South Korean fashion model (born 1992)

Sora Choi (born September 5, 1992) is a South Korean fashion model. She won the third cycle of the reality television show Korea's Next Top Model. She currently ranks on models.com's 'Industry Icons' list and is known as being one of the most in-demand models of her generation. As of 2024, Choi has walked in 537 fashion shows and has appeared on 17 Vogue covers.

== Early life ==
Choi was born and raised in Bucheon, South Korea.

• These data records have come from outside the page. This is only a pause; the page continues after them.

definition euler_coeff :: "complex \<Rightarrow> nat \<Rightarrow> complex" where
  "euler_coeff p k = (-1) ^ k * p ^ (k * (k - 1) div 2) / qpoch p p k"

definition euler_series :: "complex \<Rightarrow> complex \<Rightarrow> complex" where
  "euler_series p z = (\<Sum>k. euler_coeff p k * z ^ k)"

lemma euler_coeff_0 [simp]: "euler_coeff p 0 = 1"
  by (simp add: euler_coeff_def)

lemma euler_coeff_Suc: "euler_coeff p (Suc k) = euler_coeff p k * (- (p ^ k) / (1 - p * p ^ k))"
proof -
  have "Suc k * k = k * (k - 1) + 2 * k"
    by (cases k) (simp_all add: algebra_simps)
  hence "Suc k * (Suc k - 1) div 2 = k * (k - 1) div 2 + k"
    by simp
  hence "p ^ (Suc k * (Suc k - 1) div 2) = p ^ (k * (k - 1) div 2) * p ^ k"
    by (simp only: power_add)
  thus ?thesis unfolding euler_coeff_def qpoch_Suc by (simp add: field_simps)
qed

lemma summable_norm_euler_series:
  assumes "norm p < 1"
  shows "summable (\<lambda>k. norm (euler_coeff p k * z ^ k))"
proof -
  have pos: "1 - norm p > 0" using assms by simp
  have "(\<lambda>k. norm p ^ k * norm z) \<longlonglongrightarrow> 0 * norm z"
    by (intro tendsto_intros) (use assms in \<open>simp add: LIMSEQ_power_zero\<close>)
  hence "\<forall>\<^sub>F k in sequentially. norm p ^ k * norm z < (1 - norm p) / 2"
    using pos by (intro order_tendstoD) auto
  then obtain N where N: "\<And>k. k \<ge> N \<Longrightarrow> norm p ^ k * norm z < (1 - norm p) / 2"
    by (auto simp: eventually_sequentially)
  show ?thesis
  proof (rule summable_ratio_test[of "1/2" N])
    fix k assume "k \<ge> N"
    have b: "1 - norm p \<le> norm (1 - p * p ^ k)" by (rule norm_one_minus_pow_ge[OF assms])
    hence b': "norm (1 - p * p ^ k) > 0" using pos by linarith
    have ratio: "norm p ^ k * norm z / norm (1 - p * p ^ k) \<le> 1/2"
    proof -
      have "norm p ^ k * norm z / norm (1 - p * p ^ k) \<le> norm p ^ k * norm z / (1 - norm p)"
        using b b' pos by (intro divide_left_mono) auto
      also have "\<dots> \<le> 1/2" using N[OF \<open>k \<ge> N\<close>] pos by (simp add: field_simps)
      finally show ?thesis .
    qed
    have "norm (euler_coeff p (Suc k) * z ^ Suc k)
        = norm (euler_coeff p k * z ^ k) * (norm p ^ k * norm z / norm (1 - p * p ^ k))"
      using b' by (simp add: euler_coeff_Suc norm_mult norm_divide norm_power field_simps)
    also have "\<dots> \<le> norm (euler_coeff p k * z ^ k) * (1/2)"
      by (rule mult_left_mono[OF ratio]) simp
    finally show "norm (norm (euler_coeff p (Suc k) * z ^ Suc k))
        \<le> 1/2 * norm (norm (euler_coeff p k * z ^ k))"
      by simp
  qed simp
qed

lemma euler_series_sums:
  assumes "norm p < 1"
  shows "(\<lambda>k. euler_coeff p k * z ^ k) sums euler_series p z"
  unfolding euler_series_def
  by (rule summable_sums[OF summable_norm_cancel[OF summable_norm_euler_series[OF assms]]])

lemma euler_series_0 [simp]: "euler_series p 0 = 1"
  unfolding euler_series_def using powser_zero[of "euler_coeff p"] by simp

lemma euler_series_funeq:
  assumes p: "norm p < 1"
  shows "euler_series p z = (1 - z) * euler_series p (p * z)"
proof -
  let ?u = "\<lambda>k. euler_coeff p k * z ^ k" and ?v = "\<lambda>k. euler_coeff p k * (p * z) ^ k"
  have su: "?u sums euler_series p z" and sv: "?v sums euler_series p (p * z)"
    using euler_series_sums[OF p] by auto
  have shift: "?u (Suc j) - ?v (Suc j) = - z * ?v j" for j
  proof -
    have "?u (Suc j) - ?v (Suc j) = euler_coeff p (Suc j) * (1 - p * p ^ j) * z ^ Suc j"
      by (simp only: power_mult_distrib power_Suc) (simp add: algebra_simps)
    also have "\<dots> = euler_coeff p j * (- (p ^ j)) * z ^ Suc j"
      using one_minus_pow_nonzero[OF p] by (simp add: euler_coeff_Suc)
    finally show ?thesis by (simp add: power_mult_distrib algebra_simps)
  qed
  have "(\<lambda>j. ?u (Suc j) - ?v (Suc j)) sums (- z * euler_series p (p * z))"
    unfolding shift by (intro sums_mult sv)
  hence "(\<lambda>k. ?u k - ?v k) sums (- z * euler_series p (p * z))"
    by (subst (asm) sums_Suc_iff) simp
  from sums_unique2[OF sums_diff[OF su sv] this]
  show ?thesis by (simp add: algebra_simps)
qed

lemma qpoch_times_euler_series:
  assumes "norm p < 1"
  shows "qpoch z p N * euler_series p (p ^ N * z) = euler_series p z"
proof (induction N)
  case (Suc N)
  have "qpoch z p (Suc N) * euler_series p (p ^ Suc N * z)
      = qpoch z p N * ((1 - p ^ N * z) * euler_series p (p * (p ^ N * z)))"
    by (simp add: qpoch_Suc mult_ac)
  also have "\<dots> = euler_series p z"
    using Suc by (simp only: euler_series_funeq[OF assms, symmetric])
  finally show ?case .
qed simp

lemma isCont_euler_series:
  assumes "norm p < 1"
  shows "isCont (euler_series p) z"
  unfolding euler_series_def[abs_def]
  by (rule isCont_powser_converges_everywhere)
     (rule summable_norm_cancel[OF summable_norm_euler_series[OF assms]])
lemma cl_bound_EkD: "Ek i f \<in> cl_bound f0 \<Longrightarrow> Ek i f \<in> bounded_fms (size f0) (atoms f0)"
  by (auto simp: cl_bound_def introspection_layer_def awareness_layer_def with_negs_def)

text \<open>The side conditions of the introspection rules of cl keep the closure finite: only formulas
  of the awareness layer are ever introspected, so a single introspection layer suffices.\<close>

lemma cl_bound_IkD:
  assumes "Ik i f \<in> cl_bound f0" and "\<not> (\<exists>g. f = Ik i g \<or> f = Neg (Ik i g))"
  shows "Ik i f \<in> awareness_layer (bounded_fms (size f0) (atoms f0))"
  using assms by (auto simp: cl_bound_def introspection_layer_def with_negs_def)

lemma cl_bound_IndD:
  assumes "Ind i f \<in> cl_bound f0" and "\<not> (\<exists>g. f = Ind i g \<or> f = Neg (Ind i g))"
  shows "Ind i f \<in> awareness_layer (bounded_fms (size f0) (atoms f0))"
  using assms by (auto simp: cl_bound_def introspection_layer_def with_negs_def awareness_layer_def)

She studied modeling at Dongduk Women's University.

==Career==

=== 2012–2015: Early work ===
Choi was scouted as a model while accompanying a friend to a casting at an agency during her junior year of high school. Instead of her friend, she received an offer to sign with the agency.

Choi made her debut in a fashion college graduation show. She gained recognition in the South Korean fashion industry after winning the third cycle of Korea's Next Top Model in 2012. That same year, she appeared in her first editorial and cover for W Korea.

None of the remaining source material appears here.